• **What the task asks**
Your job is to set down the stretch of entries that opens with the line containing "shows that the" and closes with the line containing "by (simp add: hyp1F1_term_def pochhammer_pos)". Keep both end lines, copy each exactly, and add nothing.

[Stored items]
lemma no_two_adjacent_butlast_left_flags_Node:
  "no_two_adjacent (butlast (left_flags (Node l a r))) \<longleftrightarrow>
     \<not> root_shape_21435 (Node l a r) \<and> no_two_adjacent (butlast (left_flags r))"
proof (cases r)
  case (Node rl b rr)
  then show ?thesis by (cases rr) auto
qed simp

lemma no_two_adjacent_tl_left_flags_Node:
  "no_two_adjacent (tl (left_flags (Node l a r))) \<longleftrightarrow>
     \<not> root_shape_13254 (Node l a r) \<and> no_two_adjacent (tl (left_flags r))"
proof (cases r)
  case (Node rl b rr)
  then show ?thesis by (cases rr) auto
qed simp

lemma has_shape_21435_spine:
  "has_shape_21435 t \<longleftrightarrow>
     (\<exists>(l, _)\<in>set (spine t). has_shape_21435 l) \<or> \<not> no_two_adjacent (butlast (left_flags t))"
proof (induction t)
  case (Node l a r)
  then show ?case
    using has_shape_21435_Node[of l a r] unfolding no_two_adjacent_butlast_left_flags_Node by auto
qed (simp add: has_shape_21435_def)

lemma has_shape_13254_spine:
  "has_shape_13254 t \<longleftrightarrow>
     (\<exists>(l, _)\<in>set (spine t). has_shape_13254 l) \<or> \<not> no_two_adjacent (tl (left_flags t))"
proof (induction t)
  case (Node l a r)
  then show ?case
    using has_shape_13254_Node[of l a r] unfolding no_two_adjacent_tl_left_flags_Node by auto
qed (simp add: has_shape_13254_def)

* * *

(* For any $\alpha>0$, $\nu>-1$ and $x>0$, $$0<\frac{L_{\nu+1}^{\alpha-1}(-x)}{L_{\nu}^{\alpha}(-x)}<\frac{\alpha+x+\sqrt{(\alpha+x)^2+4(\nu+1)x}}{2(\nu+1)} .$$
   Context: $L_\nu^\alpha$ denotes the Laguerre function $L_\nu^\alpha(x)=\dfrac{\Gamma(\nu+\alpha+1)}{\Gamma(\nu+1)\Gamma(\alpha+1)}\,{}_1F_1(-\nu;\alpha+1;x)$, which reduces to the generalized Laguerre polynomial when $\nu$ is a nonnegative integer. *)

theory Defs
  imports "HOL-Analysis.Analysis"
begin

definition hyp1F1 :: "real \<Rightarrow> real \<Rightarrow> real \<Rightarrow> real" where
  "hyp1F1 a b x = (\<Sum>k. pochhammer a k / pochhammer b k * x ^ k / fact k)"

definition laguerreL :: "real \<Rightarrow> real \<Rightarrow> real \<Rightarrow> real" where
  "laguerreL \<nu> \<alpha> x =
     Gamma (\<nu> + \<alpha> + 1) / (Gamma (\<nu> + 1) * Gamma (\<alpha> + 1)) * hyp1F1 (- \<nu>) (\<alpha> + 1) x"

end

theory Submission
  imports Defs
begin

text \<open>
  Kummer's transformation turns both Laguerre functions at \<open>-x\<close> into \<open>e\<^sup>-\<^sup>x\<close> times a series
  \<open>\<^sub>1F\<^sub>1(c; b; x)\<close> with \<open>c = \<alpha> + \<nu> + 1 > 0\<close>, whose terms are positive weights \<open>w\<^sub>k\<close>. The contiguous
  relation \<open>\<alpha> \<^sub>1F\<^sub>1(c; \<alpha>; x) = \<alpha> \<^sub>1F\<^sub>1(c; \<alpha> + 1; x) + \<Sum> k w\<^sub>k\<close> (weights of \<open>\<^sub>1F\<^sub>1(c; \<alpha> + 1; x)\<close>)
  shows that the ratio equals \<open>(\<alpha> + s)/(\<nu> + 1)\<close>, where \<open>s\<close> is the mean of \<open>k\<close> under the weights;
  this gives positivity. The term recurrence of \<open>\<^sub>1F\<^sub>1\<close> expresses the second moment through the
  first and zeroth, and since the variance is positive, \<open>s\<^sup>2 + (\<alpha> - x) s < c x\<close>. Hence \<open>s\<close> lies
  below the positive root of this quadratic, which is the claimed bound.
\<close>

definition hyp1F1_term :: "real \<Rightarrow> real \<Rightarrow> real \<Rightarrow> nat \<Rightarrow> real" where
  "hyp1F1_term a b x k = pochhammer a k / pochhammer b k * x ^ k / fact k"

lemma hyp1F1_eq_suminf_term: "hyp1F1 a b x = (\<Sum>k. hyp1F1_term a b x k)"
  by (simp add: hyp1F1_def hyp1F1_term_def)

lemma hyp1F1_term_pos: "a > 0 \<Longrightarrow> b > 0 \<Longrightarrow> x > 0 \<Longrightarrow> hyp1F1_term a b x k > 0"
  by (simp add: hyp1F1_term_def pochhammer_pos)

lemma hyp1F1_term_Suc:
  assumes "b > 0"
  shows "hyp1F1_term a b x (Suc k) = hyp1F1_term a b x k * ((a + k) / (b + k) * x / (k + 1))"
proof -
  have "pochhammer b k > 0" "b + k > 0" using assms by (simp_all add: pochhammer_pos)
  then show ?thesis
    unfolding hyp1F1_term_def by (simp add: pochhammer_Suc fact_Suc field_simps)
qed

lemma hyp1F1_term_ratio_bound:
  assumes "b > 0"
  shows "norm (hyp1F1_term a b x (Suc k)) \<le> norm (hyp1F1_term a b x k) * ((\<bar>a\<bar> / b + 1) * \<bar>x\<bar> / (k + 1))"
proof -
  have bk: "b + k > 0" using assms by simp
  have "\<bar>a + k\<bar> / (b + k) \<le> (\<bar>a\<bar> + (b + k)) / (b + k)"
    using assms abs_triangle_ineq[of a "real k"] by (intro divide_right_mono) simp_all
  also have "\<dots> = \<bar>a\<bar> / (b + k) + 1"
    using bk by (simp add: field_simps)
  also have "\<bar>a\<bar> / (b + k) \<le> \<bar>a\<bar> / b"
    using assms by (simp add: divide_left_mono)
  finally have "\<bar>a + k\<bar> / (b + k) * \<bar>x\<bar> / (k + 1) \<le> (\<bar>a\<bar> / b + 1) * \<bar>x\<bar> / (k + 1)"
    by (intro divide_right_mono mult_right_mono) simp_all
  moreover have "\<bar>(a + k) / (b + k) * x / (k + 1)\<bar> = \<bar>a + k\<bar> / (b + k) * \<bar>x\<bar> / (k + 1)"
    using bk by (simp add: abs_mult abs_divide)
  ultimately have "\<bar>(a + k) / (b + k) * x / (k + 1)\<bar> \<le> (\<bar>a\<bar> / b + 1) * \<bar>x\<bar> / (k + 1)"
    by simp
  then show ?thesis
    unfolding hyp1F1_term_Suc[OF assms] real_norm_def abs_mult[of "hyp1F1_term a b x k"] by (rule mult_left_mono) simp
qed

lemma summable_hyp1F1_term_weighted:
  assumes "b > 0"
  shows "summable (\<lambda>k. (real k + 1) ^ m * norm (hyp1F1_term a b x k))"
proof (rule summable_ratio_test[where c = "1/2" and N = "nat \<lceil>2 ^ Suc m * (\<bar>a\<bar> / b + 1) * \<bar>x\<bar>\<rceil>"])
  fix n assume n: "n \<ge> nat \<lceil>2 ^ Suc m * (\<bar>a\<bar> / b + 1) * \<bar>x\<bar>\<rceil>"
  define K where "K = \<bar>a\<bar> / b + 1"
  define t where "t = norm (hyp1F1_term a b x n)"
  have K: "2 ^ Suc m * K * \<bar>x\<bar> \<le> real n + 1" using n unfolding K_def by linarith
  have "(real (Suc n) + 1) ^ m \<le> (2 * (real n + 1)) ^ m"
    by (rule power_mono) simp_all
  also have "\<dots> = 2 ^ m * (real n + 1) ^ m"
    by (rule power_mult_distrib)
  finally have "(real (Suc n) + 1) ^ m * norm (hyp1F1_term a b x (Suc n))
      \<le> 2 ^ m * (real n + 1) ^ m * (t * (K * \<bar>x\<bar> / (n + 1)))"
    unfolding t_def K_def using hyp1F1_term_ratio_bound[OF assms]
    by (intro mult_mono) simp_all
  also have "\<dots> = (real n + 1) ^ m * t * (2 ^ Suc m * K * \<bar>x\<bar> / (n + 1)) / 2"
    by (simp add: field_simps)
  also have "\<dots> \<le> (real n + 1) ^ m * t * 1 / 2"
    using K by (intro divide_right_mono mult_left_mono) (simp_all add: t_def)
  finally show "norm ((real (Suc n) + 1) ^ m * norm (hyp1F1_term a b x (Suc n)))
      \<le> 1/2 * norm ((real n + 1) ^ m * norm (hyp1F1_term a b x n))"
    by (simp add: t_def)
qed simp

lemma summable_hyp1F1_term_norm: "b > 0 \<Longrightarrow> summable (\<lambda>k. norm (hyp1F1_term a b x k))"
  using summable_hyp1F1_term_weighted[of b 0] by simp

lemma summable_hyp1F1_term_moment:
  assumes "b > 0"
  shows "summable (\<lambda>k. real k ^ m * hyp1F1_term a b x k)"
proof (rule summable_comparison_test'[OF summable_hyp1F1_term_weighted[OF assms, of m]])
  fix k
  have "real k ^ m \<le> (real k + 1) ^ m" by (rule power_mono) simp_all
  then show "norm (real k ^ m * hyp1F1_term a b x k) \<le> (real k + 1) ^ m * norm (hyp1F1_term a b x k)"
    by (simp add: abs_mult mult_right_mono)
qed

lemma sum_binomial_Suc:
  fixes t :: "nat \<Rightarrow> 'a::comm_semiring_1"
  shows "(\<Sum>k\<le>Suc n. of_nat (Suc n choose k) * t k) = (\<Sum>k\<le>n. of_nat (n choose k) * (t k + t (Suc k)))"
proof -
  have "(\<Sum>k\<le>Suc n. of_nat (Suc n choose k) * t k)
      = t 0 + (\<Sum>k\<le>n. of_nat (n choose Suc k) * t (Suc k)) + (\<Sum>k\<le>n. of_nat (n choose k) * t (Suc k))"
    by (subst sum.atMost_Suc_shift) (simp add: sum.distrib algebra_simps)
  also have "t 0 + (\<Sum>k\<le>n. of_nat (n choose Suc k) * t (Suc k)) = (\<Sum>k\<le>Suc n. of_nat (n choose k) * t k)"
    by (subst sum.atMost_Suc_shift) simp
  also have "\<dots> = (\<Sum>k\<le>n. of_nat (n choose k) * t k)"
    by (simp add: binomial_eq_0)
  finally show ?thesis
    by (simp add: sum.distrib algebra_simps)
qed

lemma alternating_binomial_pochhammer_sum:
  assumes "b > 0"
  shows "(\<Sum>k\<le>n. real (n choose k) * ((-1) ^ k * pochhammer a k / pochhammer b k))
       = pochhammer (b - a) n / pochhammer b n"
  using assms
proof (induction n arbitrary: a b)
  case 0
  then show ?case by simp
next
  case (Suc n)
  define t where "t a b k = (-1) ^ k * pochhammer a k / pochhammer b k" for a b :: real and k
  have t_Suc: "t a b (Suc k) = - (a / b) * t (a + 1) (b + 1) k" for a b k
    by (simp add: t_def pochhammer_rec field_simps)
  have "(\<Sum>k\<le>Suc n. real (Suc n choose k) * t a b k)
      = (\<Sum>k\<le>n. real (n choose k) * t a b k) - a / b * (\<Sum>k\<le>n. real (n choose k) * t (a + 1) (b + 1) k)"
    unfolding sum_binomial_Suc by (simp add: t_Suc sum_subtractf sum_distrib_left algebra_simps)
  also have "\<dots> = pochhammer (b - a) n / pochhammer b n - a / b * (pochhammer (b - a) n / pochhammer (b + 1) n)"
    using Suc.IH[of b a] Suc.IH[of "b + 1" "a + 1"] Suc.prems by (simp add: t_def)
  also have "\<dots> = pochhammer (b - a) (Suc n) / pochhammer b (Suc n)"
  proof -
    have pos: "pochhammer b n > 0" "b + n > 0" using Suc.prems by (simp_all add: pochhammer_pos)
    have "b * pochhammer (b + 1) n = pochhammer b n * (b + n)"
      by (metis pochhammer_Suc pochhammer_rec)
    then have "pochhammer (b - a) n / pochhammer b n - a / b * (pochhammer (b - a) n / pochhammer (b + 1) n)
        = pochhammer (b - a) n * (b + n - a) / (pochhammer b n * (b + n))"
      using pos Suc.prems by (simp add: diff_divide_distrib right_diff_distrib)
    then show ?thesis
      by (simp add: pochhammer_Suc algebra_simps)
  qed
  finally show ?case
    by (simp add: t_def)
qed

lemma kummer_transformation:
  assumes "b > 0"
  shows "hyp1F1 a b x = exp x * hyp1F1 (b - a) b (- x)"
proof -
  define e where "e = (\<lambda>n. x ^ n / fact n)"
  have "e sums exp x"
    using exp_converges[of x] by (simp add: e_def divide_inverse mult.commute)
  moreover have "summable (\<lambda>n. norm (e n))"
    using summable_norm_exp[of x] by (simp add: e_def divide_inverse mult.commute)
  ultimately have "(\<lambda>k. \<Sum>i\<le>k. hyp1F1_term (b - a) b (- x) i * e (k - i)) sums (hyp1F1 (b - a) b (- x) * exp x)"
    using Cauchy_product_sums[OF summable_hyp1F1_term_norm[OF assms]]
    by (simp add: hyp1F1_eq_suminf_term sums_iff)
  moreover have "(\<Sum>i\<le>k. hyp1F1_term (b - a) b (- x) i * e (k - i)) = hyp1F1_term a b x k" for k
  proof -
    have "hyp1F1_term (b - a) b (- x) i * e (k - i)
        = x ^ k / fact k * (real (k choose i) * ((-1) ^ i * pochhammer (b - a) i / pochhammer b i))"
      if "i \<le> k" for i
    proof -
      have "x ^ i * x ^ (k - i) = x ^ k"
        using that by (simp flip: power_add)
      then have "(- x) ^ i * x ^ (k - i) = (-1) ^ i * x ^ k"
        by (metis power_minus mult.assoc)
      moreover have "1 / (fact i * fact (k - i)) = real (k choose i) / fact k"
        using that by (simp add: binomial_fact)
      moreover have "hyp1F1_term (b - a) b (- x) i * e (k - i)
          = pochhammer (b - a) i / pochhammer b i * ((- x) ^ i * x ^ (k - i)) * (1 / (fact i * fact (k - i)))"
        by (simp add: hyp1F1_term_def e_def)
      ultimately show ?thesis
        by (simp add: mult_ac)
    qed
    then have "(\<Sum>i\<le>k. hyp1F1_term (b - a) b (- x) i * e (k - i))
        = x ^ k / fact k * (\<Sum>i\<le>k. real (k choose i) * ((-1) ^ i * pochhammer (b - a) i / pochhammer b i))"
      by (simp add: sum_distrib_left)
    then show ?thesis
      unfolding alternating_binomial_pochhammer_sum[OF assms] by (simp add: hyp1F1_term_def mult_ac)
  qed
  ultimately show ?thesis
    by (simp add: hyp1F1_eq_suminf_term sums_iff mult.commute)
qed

==

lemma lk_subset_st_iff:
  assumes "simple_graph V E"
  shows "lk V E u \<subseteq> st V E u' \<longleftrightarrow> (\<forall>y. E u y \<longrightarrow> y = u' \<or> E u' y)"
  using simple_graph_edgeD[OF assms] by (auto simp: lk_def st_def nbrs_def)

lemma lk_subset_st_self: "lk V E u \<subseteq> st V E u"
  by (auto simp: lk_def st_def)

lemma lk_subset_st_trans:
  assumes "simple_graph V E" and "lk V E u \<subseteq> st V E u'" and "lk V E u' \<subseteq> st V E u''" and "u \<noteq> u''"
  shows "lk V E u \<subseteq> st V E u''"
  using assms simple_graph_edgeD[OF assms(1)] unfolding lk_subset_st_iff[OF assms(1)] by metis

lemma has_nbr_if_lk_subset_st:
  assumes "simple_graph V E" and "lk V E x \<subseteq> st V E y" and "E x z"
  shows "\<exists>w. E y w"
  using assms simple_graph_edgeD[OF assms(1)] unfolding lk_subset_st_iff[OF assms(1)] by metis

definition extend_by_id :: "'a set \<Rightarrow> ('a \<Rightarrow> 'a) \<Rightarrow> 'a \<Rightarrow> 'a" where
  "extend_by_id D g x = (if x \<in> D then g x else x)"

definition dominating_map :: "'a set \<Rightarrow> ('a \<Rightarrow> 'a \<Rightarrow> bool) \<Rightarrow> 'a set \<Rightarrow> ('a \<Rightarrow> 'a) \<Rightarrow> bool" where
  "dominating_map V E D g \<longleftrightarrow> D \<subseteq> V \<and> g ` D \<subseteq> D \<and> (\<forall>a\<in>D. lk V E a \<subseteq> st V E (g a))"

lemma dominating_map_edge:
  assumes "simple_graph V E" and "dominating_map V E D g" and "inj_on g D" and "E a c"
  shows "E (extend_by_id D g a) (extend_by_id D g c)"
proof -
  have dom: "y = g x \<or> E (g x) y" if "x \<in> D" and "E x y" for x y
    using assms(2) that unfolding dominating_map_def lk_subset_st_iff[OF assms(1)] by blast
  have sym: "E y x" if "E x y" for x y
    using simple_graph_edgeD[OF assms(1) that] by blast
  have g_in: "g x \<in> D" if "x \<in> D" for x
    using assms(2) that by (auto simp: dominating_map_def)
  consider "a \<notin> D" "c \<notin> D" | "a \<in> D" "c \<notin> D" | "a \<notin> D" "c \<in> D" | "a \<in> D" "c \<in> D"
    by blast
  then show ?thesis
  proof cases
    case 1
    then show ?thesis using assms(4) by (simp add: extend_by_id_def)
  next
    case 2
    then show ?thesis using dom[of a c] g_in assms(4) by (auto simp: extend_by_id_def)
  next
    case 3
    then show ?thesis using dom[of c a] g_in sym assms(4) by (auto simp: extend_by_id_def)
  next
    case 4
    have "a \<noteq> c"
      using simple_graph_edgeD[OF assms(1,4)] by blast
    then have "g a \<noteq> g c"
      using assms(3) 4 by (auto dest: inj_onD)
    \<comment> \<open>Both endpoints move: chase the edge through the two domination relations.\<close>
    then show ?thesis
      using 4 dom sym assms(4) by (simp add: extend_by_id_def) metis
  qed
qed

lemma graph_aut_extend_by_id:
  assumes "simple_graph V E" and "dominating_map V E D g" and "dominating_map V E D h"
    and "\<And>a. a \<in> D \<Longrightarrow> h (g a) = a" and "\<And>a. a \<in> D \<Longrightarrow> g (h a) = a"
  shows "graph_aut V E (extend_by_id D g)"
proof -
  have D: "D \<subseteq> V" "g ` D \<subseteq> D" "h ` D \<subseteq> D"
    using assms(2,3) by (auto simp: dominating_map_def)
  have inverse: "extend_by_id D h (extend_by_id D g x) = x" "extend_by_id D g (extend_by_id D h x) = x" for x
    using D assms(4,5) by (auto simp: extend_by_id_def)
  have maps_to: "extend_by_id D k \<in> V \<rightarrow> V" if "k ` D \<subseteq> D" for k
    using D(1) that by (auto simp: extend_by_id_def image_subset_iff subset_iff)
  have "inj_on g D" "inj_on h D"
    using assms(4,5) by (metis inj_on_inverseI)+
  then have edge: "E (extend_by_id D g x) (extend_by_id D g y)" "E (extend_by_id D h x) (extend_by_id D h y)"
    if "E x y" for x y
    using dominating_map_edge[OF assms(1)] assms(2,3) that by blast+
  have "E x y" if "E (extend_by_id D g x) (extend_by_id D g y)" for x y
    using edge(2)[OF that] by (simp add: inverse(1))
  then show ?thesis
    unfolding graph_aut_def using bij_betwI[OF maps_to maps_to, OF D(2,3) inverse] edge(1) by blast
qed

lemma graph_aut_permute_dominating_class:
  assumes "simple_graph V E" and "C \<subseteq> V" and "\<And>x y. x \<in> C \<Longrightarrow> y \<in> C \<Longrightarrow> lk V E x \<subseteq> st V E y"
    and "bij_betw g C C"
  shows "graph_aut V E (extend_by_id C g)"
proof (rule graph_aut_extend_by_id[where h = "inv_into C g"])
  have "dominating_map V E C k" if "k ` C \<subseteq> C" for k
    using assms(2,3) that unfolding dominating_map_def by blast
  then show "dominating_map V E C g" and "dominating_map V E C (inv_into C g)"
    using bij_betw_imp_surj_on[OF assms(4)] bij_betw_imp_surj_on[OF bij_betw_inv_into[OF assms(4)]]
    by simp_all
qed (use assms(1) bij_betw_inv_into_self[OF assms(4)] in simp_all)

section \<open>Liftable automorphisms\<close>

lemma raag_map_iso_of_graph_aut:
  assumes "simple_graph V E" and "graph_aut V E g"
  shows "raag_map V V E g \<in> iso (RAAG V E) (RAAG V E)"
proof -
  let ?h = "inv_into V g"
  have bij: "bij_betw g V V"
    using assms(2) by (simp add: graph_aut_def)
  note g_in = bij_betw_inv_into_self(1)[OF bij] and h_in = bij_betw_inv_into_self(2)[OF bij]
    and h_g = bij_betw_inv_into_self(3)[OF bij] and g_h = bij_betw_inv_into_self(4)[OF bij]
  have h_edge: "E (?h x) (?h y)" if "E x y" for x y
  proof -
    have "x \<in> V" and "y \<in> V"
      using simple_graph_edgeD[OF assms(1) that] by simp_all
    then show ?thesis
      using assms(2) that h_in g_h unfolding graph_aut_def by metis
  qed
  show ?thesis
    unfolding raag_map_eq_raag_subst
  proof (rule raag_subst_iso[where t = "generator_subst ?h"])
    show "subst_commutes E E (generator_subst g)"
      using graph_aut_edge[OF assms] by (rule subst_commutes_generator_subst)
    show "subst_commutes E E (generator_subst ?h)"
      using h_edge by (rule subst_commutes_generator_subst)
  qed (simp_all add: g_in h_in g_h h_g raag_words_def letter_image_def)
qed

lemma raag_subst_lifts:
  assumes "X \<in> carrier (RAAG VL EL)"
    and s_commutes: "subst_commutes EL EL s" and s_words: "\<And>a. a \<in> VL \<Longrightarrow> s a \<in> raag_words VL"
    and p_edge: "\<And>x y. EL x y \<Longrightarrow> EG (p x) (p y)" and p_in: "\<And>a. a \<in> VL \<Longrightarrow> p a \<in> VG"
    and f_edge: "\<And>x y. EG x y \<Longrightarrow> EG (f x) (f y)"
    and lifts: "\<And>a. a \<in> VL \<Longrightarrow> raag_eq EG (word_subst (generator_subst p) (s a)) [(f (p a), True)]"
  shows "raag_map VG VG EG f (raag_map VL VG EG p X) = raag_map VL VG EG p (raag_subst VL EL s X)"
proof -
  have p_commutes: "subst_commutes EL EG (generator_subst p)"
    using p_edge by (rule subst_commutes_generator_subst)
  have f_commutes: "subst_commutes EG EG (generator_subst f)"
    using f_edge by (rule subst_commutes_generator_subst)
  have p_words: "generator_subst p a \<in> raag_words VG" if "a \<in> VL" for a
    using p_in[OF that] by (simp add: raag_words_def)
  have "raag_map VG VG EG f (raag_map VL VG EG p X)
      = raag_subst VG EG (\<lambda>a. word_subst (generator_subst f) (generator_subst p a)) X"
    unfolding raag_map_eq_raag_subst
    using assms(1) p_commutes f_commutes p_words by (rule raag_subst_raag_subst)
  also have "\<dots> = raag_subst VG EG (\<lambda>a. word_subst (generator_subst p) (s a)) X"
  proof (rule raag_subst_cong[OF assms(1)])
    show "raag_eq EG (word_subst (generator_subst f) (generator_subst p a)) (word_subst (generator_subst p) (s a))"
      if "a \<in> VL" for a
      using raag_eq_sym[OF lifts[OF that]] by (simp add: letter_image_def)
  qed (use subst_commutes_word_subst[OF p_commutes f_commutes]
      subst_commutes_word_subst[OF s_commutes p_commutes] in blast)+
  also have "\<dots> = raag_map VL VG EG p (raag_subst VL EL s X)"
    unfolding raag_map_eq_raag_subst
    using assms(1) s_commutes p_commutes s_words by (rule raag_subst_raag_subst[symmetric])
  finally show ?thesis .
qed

• **Result of the task**
  shows that the ratio equals \<open>(\<alpha> + s)/(\<nu> + 1)\<close>, where \<open>s\<close> is the mean of \<open>k\<close> under the weights;
  this gives positivity. The term recurrence of \<open>\<^sub>1F\<^sub>1\<close> expresses the second moment through the
  first and zeroth, and since the variance is positive, \<open>s\<^sup>2 + (\<alpha> - x) s < c x\<close>. Hence \<open>s\<close> lies
  below the positive root of this quadratic, which is the claimed bound.
\<close>

definition hyp1F1_term :: "real \<Rightarrow> real \<Rightarrow> real \<Rightarrow> nat \<Rightarrow> real" where
  "hyp1F1_term a b x k = pochhammer a k / pochhammer b k * x ^ k / fact k"

lemma hyp1F1_eq_suminf_term: "hyp1F1 a b x = (\<Sum>k. hyp1F1_term a b x k)"
  by (simp add: hyp1F1_def hyp1F1_term_def)

lemma hyp1F1_term_pos: "a > 0 \<Longrightarrow> b > 0 \<Longrightarrow> x > 0 \<Longrightarrow> hyp1F1_term a b x k > 0"
  by (simp add: hyp1F1_term_def pochhammer_pos)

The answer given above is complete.